В такие моменты Неподражаемый Наблюдатель, обычно раздувающийся от гордости, стремящийся показать каждому встречному письмо с комплиментами англичанина, сам понять не может, что его переполняет: восхищение Гением или же бешенство и презрение при констатации таких очевидных просчетов. Ах! Если бы тот прожил чуть дольше, какие бы письма Антельм ему написал: страстные, гневные, полные рвения, с которым ученик переубеждает учителя, и торжества, если вдруг это удается!

Ни Антельм, ни Дарвин не представляли, что такое гены, ДНК, случайности, способные потревожить эти комбинации и стать причинами прогресса. Они не знали об интимных механизмах, объясняющих примерно все на свете. Но Антельм думает в правильном направлении, он не ошибается: ученый обнаружил, что насекомое, полностью оторванное от своего потомства, как и от предков, неспособное к обучению, не может сделать выводы о каком бы то ни было опыте и будет проводить всю свою короткую жизнь за воспроизведением одних и тех же действий в течение тысячелетий.
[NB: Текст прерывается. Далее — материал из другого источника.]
lemma sum_card_arcs_3_subsets:
  assumes "simple_graph V E"
  shows "(\<Sum>S | S \<subseteq> V \<and> card S = 3. card (arcs E S)) = card (arcs E V) * (card V - 2)"
proof -
  define T where "T = {S. S \<subseteq> V \<and> card S = 3}"
  have fin: "finite V" "finite (arcs E V)" "finite T"
    using assms by (simp_all add: simple_graph_def finite_arcs T_def)
  have "(\<Sum>S\<in>T. card (arcs E S)) = (\<Sum>S\<in>T. \<Sum>p\<in>arcs E V. if p \<in> S \<times> S then 1 else 0)"
  proof (rule sum.cong[OF refl])
    fix S assume "S \<in> T"
    then have "arcs E S = {p \<in> arcs E V. p \<in> S \<times> S}"
      by (auto simp: T_def arcs_def)
    then show "card (arcs E S) = (\<Sum>p\<in>arcs E V. if p \<in> S \<times> S then 1 else 0)"
      using fin by (simp add: sum.inter_filter[symmetric])
  qed
  also have "\<dots> = (\<Sum>p\<in>arcs E V. \<Sum>S\<in>T. if p \<in> S \<times> S then 1 else 0)"
    by (rule sum.swap)
  also have "\<dots> = (\<Sum>p\<in>arcs E V. card V - 2)"
  proof (rule sum.cong[OF refl])
    fix p assume "p \<in> arcs E V"
    then obtain x y where p: "p = (x, y)" "x \<in> V" "y \<in> V" "E x y"
      by (auto simp: arcs_def)
    then have "x \<noteq> y"
      using assms by (auto simp: simple_graph_def)
    then have "card {S \<in> T. p \<in> S \<times> S} = card V - 2"
      using card_3_subsets_containing_pair[OF fin(1) p(2,3)] by (simp add: T_def p(1) conj_assoc)
    then show "(\<Sum>S\<in>T. if p \<in> S \<times> S then 1 else 0) = card V - 2"
      using fin by (simp add: sum.inter_filter[symmetric])
  qed
  finally show ?thesis by (simp add: T_def)
qed
lemma finite_singular_values: "finite (singular_values (M::'a::rclike^'n^'n))"
proof -
  define S where "S = singular_values M"
  define ev where "ev s = (SOME v. v \<noteq> 0 \<and> (adj M ** M) *v v = of_real (s\<^sup>2) *s v)" for s
  have ev: "ev s \<noteq> 0 \<and> (adj M ** M) *v ev s = of_real (s\<^sup>2) *s ev s" if "s \<in> S" for s
    unfolding ev_def by (rule someI_ex) (use that in \<open>auto simp: S_def singular_values_def\<close>)
  have sq_inj: "s = t" if "s \<in> S" "t \<in> S" "s\<^sup>2 = t\<^sup>2" for s t
    using that by (simp add: S_def singular_values_def power2_eq_iff_nonneg)
  have "inj_on ev S"
  proof (rule inj_onI)
    fix s t
    assume st: "s \<in> S" "t \<in> S" "ev s = ev t"
    then have "of_real (s\<^sup>2) *s ev s = of_real (t\<^sup>2) *s ev s"
      using ev by metis
    then have "(of_real (s\<^sup>2) :: 'a) = of_real (t\<^sup>2)"
      using ev[OF st(1)] by (simp del: of_real_power)
    then have "s\<^sup>2 = t\<^sup>2"
      by (simp only: of_real_eq_iff)
    then show "s = t"
      using sq_inj st by blast
  qed
  moreover have "vec.independent (ev ` S)"
  proof (rule independent_if_pairwise_cip_orthogonal)
    show "0 \<notin> ev ` S"
      using ev by auto
    show "cip v w = 0" if vw: "v \<in> ev ` S" "w \<in> ev ` S" "v \<noteq> w" for v w
    proof -
      obtain s t where st: "s \<in> S" "t \<in> S" "v = ev s" "w = ev t"
        using vw by blast
      then have "s\<^sup>2 \<noteq> t\<^sup>2"
        using vw(3) sq_inj by auto
      then show ?thesis
        using ev[OF st(1)] ev[OF st(2)] st(3,4)
        by (intro hermitian_eigenvectors_orthogonal[of "adj M ** M" _ "s\<^sup>2" _ "t\<^sup>2"])
          (simp_all add: adj_matrix_mult)
    qed
  qed
  ultimately show ?thesis
    using vec.finiteI_independent finite_image_iff S_def by blast
qed

lemma singular_values_nonempty: "singular_values (M::'a::rclike^'n^'n) \<noteq> {}"
proof -
  define f where "f a = (norm (M *v a))\<^sup>2" for a :: "'a^'n"
  have "continuous_on (sphere 0 1) f"
    unfolding f_def
    by (intro continuous_intros linear_continuous_on bounded_linear_matrix_vector_mult)
  moreover have "sphere (0::'a^'n) 1 \<noteq> {}"
    by simp
  ultimately obtain a where a: "a \<in> sphere 0 1" and max: "\<And>y. y \<in> sphere 0 1 \<Longrightarrow> f y \<le> f a"
    using continuous_attains_sup[OF compact_sphere] by blast
  have "f w \<le> f a * (norm w)\<^sup>2" for w
  proof (rule homogeneous_quadratic_le)
    show "f (c *\<^sub>R x) = c\<^sup>2 * f x" for c x
      using linear_scale[OF bounded_linear.linear[OF bounded_linear_matrix_vector_mult], of M c x]
      by (simp add: f_def power_mult_distrib)
  qed (use max in auto)
  then have "(adj M ** M) *v a = of_real (f a) *s a"
    using a by (intro rayleigh_maximizer_eigenvector) (simp_all add: f_def)
  moreover have "(sqrt (f a))\<^sup>2 = f a"
    by (simp add: f_def)
  ultimately have "sqrt (f a) \<in> singular_values M"
    using a unfolding singular_values_def
    by (auto simp: f_def simp del: of_real_power intro!: exI[of _ a])
  then show ?thesis
    by blast
qed

lemma ipU_self:
  assumes "sa_posdef R"
  shows "ipU R x x = of_real ((normU R x)\<^sup>2)"
proof (cases "x = 0")
  case False
  then obtain c where "c > 0" "ipU R x x = of_real c"
    using assms unfolding sa_posdef_def ipU_def by blast
  then show ?thesis
    by (simp add: normU_def)
qed (simp add: ipU_def normU_def cip_def)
Однако разум Антельма, как и его наблюдения, заводит в ловушку. Что касается Дарвина, чьи рассуждения менее ясные, а опыты не такие длительные, то именно он пришел к правильному ответу. Дарвин привел человечество к торжеству разума, этой упрямой и суверенной интуиции. Куда бы Антельм ни направился, он всюду натыкается на этот разум, что его раздражает; тогда он предполагает, что существует некий творческий разум, чьи мотивы непонятны человеку.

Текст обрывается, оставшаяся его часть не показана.